Global developments will play a key role in New Zealand's economic prospects…

The main forecasts presented in this chapter are heavily influenced by the weak outlook for the global economy over the next few years. The world is currently facing the weakest conditions for economic growth since World War II. Such conditions represent a difficult environment for economies, such as New Zealand's, that need to shift the composition of their growth away from domestic demand towards exports in an effort to unwind imbalances such as a large current account deficit.

…and contribute to further declines in economic growth…

Figure 1.1 - Real GDP
Figure 1.1 - Real GDP.
Sources:  Statistics New Zealand, the Treasury

The New Zealand economy contracted in every quarter during 2008. Drought conditions were particularly intense over the 2007/08 summer and this contributed to low agricultural production over the first half of 2008, with significant declines in the export volumes of important categories such as dairy. Also, domestic demand was easing as the lagged impact of monetary policy took effect after an extended period of growth. The impact of the global slowdown began to play an increasingly significant role over the second half of 2008 and into 2009.

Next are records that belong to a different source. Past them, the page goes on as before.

(* For any positive integers $q,k,t$ there exists a constant $f(q,k,t)$ such that the following holds. Let $D=(V,A)$ be a Steiner rooted $k$-arc-connected directed graph with root $r$ and a set $S\subseteq V\setminus\{r\}$ of $t$ terminals. Let $\mathcal{C}$ be a family of pairwise vertex-disjoint directed cycles in $D$ with $|\mathcal{C}|\ge f(q,k,t)$ such that every $C\in\mathcal{C}$ is $s$-essential for every $s\in S$. Then there exist $C_1,\ldots,C_q\in\mathcal{C}$ such that for every $s\in S$, either $(C_1,\ldots,C_q)$ or $(C_q,\ldots,C_1)$ is an $s$-ordered sequence of directed cycles.
   Context: Let $D=(V,A)$ be a directed graph with root $r\in V$ and terminal set $S\subseteq V\setminus\{r\}$; it is Steiner rooted $k$-arc-connected if for every $s\in S$ there are $k$ pairwise arc-disjoint directed $r$-$s$ paths. For $s\in S$, a set $U\subseteq V$ is an $s$-cut if $r\in U$ and $s\notin U$; it is a tight $s$-cut if moreover the number of arcs leaving $U$ equals $k$. A set $U$ properly intersects a directed cycle $C$ if $V(C)\cap U\neq\emptyset$ and $V(C)\setminus U\neq\emptyset$. A directed cycle $C$ is $s$-essential if some tight $s$-cut properly intersects $C$. A sequence of directed cycles $(C_1,\ldots,C_q)$ is $s$-ordered if there exist tight $s$-cuts $U_1,\ldots,U_q$ such that $V(C_i)\subseteq U_j$ for all $i<j$, $V(C_i)\cap U_j=\emptyset$ for all $i>j$, and $U_i$ properly intersects $C_i$ for every $i$. *)

theory Defs
  imports "Graph_Theory.Graph_Theory"
begin

text \<open>Digraphs are finite multi-digraphs in the sense of the AFP entry Graph_Theory
  (fin_digraph).  Directed paths and directed cycles are the library notions
  pre_digraph.apath and pre_digraph.cycle (lists of arcs).\<close>

definition cyc_verts :: "('a,'b) pre_digraph \<Rightarrow> 'b list \<Rightarrow> 'a set" where
  "cyc_verts G C = tail G ` set C"

definition steiner_rooted_k_arc_connected ::
  "('a,'b) pre_digraph \<Rightarrow> 'a \<Rightarrow> 'a set \<Rightarrow> nat \<Rightarrow> bool" where
  "steiner_rooted_k_arc_connected G r S k \<longleftrightarrow>
     (\<forall>s\<in>S. \<exists>P :: nat \<Rightarrow> 'b list.
        (\<forall>i<k. pre_digraph.apath G r (P i) s) \<and>
        (\<forall>i<k. \<forall>j<k. i \<noteq> j \<longrightarrow> set (P i) \<inter> set (P j) = {}))"

definition out_cut :: "('a,'b) pre_digraph \<Rightarrow> 'a set \<Rightarrow> 'b set" where
  "out_cut G U = {a \<in> arcs G. tail G a \<in> U \<and> head G a \<notin> U}"

definition s_cut :: "('a,'b) pre_digraph \<Rightarrow> 'a \<Rightarrow> 'a \<Rightarrow> 'a set \<Rightarrow> bool" where
  "s_cut G r s U \<longleftrightarrow> U \<subseteq> verts G \<and> r \<in> U \<and> s \<notin> U"

definition tight_s_cut :: "('a,'b) pre_digraph \<Rightarrow> nat \<Rightarrow> 'a \<Rightarrow> 'a \<Rightarrow> 'a set \<Rightarrow> bool" where
  "tight_s_cut G k r s U \<longleftrightarrow> s_cut G r s U \<and> card (out_cut G U) = k"

definition properly_intersects :: "('a,'b) pre_digraph \<Rightarrow> 'a set \<Rightarrow> 'b list \<Rightarrow> bool" where
  "properly_intersects G U C \<longleftrightarrow>
     cyc_verts G C \<inter> U \<noteq> {} \<and> cyc_verts G C - U \<noteq> {}"

definition s_essential :: "('a,'b) pre_digraph \<Rightarrow> nat \<Rightarrow> 'a \<Rightarrow> 'a \<Rightarrow> 'b list \<Rightarrow> bool" where
  "s_essential G k r s C \<longleftrightarrow> (\<exists>U. tight_s_cut G k r s U \<and> properly_intersects G U C)"

definition s_ordered ::
  "('a,'b) pre_digraph \<Rightarrow> nat \<Rightarrow> 'a \<Rightarrow> 'a \<Rightarrow> nat \<Rightarrow> (nat \<Rightarrow> 'b list) \<Rightarrow> bool" where
  "s_ordered G k r s q Cs \<longleftrightarrow>
     (\<exists>U :: nat \<Rightarrow> 'a set.
        (\<forall>i\<in>{1..q}. tight_s_cut G k r s (U i)) \<and>
        (\<forall>i\<in>{1..q}. \<forall>j\<in>{1..q}. i < j \<longrightarrow> cyc_verts G (Cs i) \<subseteq> U j) \<and>
        (\<forall>i\<in>{1..q}. \<forall>j\<in>{1..q}. i > j \<longrightarrow> cyc_verts G (Cs i) \<inter> U j = {}) \<and>
        (\<forall>i\<in>{1..q}. properly_intersects G (U i) (Cs i)))"

end

theory Submission
  imports Defs "HOL-Library.Ramsey"
begin

text \<open>For every terminal s and every cycle C fix a tight s-cut W_s(C) properly intersecting C.
  Tight s-cuts are closed under union and intersection (the out-degree is submodular and bounded
  below by k thanks to the k arc-disjoint paths), and a tight cut, having only k outgoing arcs,
  properly intersects at most k of the disjoint cycles. Number the cycles and colour each pair
  C < C' by recording, for every terminal s, whether C' lies inside, outside or across W_s(C)
  and likewise for C and W_s(C'); there are 9^t colours. Ramsey's theorem yields q + k + 1
  cycles on which the colouring is constant. For a fixed s, a crossing colour would make the
  first (or last) cut cross all of them, "inside/inside" would make the intersection of all the
  cuts cross all of them, and "outside/outside" their union. Hence every cycle lies outside the
  cuts of the earlier cycles and inside those of the later ones, or vice versa, which is an
  s-ordering in one of the two directions.\<close>

lemma card_le_if_disjoint_family_meets:
  assumes "finite X" "disjoint_family_on A I" "\<And>i. i \<in> I \<Longrightarrow> A i \<inter> X \<noteq> {}"
  shows "card I \<le> card X"
proof -
  have "\<forall>i\<in>I. \<exists>x. x \<in> A i \<inter> X"
    using assms(3) by blast
  then obtain h where h: "\<forall>i\<in>I. h i \<in> A i \<inter> X"
    by metis
  have "inj_on h I"
  proof (rule inj_onI)
    fix i j assume "i \<in> I" "j \<in> I" "h i = h j"
    then have "h i \<in> A i \<inter> A j"
      using h by auto
    then show "i = j"
      using assms(2) \<open>i \<in> I\<close> \<open>j \<in> I\<close> unfolding disjoint_family_on_def by blast
  qed
  moreover have "h ` I \<subseteq> X"
    using h by blast
  ultimately show ?thesis
    using assms(1) by (rule card_inj_on_le)
qed

lemma partn_lst_homogeneous_finite_colours:
  assumes "partn_lst \<beta> (replicate c m) 2" "f \<in> [\<beta>]\<^bsup>2\<^esup> \<rightarrow> K" "finite K" "card K \<le> c"
  obtains H \<kappa> where "H \<in> [\<beta>]\<^bsup>m\<^esup>" "f ` [H]\<^bsup>2\<^esup> \<subseteq> {\<kappa>}"
proof -
  obtain idx where idx: "bij_betw idx K {0..<card K}"
    using ex_bij_betw_finite_nat assms(3) by blast
  have "idx \<circ> f \<in> [\<beta>]\<^bsup>2\<^esup> \<rightarrow> {..<c}"
    using assms(2,4) bij_betwE[OF idx] by (fastforce simp: Pi_iff)
  then obtain i H where "H \<in> [\<beta>]\<^bsup>(replicate c m ! i)\<^esup>" "(idx \<circ> f) ` [H]\<^bsup>2\<^esup> \<subseteq> {i}" "i < c"
    using partn_lstE[OF assms(1)] by (metis length_replicate)
  moreover have "f P \<in> K" if "P \<in> [H]\<^bsup>2\<^esup>" for P
    using that assms(2) \<open>H \<in> _\<close> unfolding nsets_def by auto
  ultimately show thesis
    using that[of H "inv_into K idx i"] bij_betw_inv_into_left[OF idx] by fastforce
qed

lemma strict_mono_selection:
  fixes H :: "'a :: wellorder set"
  assumes "finite H" "q \<le> card H"
  obtains x :: "nat \<Rightarrow> 'a" where "x ` {1..q} \<subseteq> H" "strict_mono_on {1..q} x"
proof -
  obtain h where h: "bij_betw h {..<card H} H" "strict_mono_on {..<card H} h"
    using ex_bij_betw_strict_mono_card[OF assms(1)] by blast
  show thesis
  proof
    show "(\<lambda>p. h (p - 1)) ` {1..q} \<subseteq> H"
      using bij_betwE[OF h(1)] assms(2) by auto
    show "strict_mono_on {1..q} (\<lambda>p. h (p - 1))"
    proof (rule strict_mono_onI)
      fix p p' assume "p \<in> {1..q}" "p' \<in> {1..q}" "p < p'"
      then show "h (p - 1) < h (p' - 1)"
        using strict_mono_onD[OF h(2)] assms(2) by auto
    qed
  qed
qed

section \<open>Walks leaving a vertex set\<close>

context pre_digraph
begin

lemma cas_no_out_cut_arc:
  assumes "cas u p v" "u \<in> U" "set p \<subseteq> arcs G" "set p \<inter> out_cut G U = {}"
  shows "v \<in> U \<and> tail G ` set p \<subseteq> U"
  using assms by (induction p arbitrary: u) (auto simp: out_cut_def)

lemma cas_append:
  assumes "cas u p v" "cas v q w"
  shows "cas u (p @ q) w"
  using assms by (induction p arbitrary: u) auto

lemma awalk_meets_out_cut:
  assumes "awalk u p v" "u \<in> U" "v \<notin> U"
  shows "set p \<inter> out_cut G U \<noteq> {}"
  using assms cas_no_out_cut_arc unfolding awalk_def by blast

lemma cycle_meets_out_cut:
  assumes "cycle C" "properly_intersects G U C"
  shows "set C \<inter> out_cut G U \<noteq> {}"
proof
  assume no_exit: "set C \<inter> out_cut G U = {}"
  obtain u where walk: "awalk u C u"
    using assms(1) unfolding cycle_def by blast
  obtain a where "a \<in> set C" and inside: "tail G a \<in> U"
    using assms(2) unfolding properly_intersects_def cyc_verts_def by blast
  then obtain p q where C: "C = p @ a # q"
    by (meson split_list)
  \<comment> \<open>rotated to start inside U, the closed walk never leaves U\<close>
  have "cas u p (tail G a)" "cas (tail G a) (a # q) u"
    using walk unfolding C awalk_def by auto
  then have "cas (tail G a) (a # q @ p) (tail G a)"
    using cas_append by fastforce
  moreover have "set (a # q @ p) = set C"
    unfolding C by auto
  ultimately have "tail G ` set C \<subseteq> U"
    using cas_no_out_cut_arc[of "tail G a" "a # q @ p" "tail G a" U] walk no_exit inside
    unfolding awalk_def by auto
  then show False
    using assms(2) unfolding properly_intersects_def cyc_verts_def by blast
qed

New Zealand is forecast to experience a continued period of weak economic growth over the next couple of years as the economy continues to be affected by low global growth and the need to unwind past imbalances. Real production GDP is estimated to have declined by 0.9% in the year to March 2009, with a further 1.7% decline forecast for the March 2010 year. This is materially lower than both the main and downside outlooks that were presented in the December Forecasts. In addition, the recovery from current weakness in New Zealand and abroad is expected to be relatively drawn-out. Real GDP growth is expected to lift to around 1.8% in 2011 and just below 3% in 2012 before reaching 4% in 2013.

Quarterly growth is forecast to remain negative through to the September quarter of 2009. The current forecast means that by September 2009 the level of real GDP will be 3.5% below its level at the end of 2007. This is a slightly smaller decline than the recession of the mid-1970s. However, faster population growth relative to that in the mid-1970s means that the decline in GDP per capita is forecast to be larger, with the level of real GDP per capita 5.2% lower in December 2009 compared with two years earlier.

…as the slowdown is felt throughout the economy

The effects of the slowdown have been felt over the first part of 2009 and are likely to intensify as the year progresses. Firms can expect a continuation of weak demand, both domestically and abroad. Their profits are forecast to fall and they are likely to exercise caution when making investment and employment decisions. Households have experienced reduced job security and unemployment is likely to rise further over the next 18 months. Combined with constraints on borrowing, this will place pressure on household spending. Government will be affected through lower tax revenue, increased welfare payments and higher debt-servicing expenses as debt grows and it increasingly needs to borrow to fund its expenditure.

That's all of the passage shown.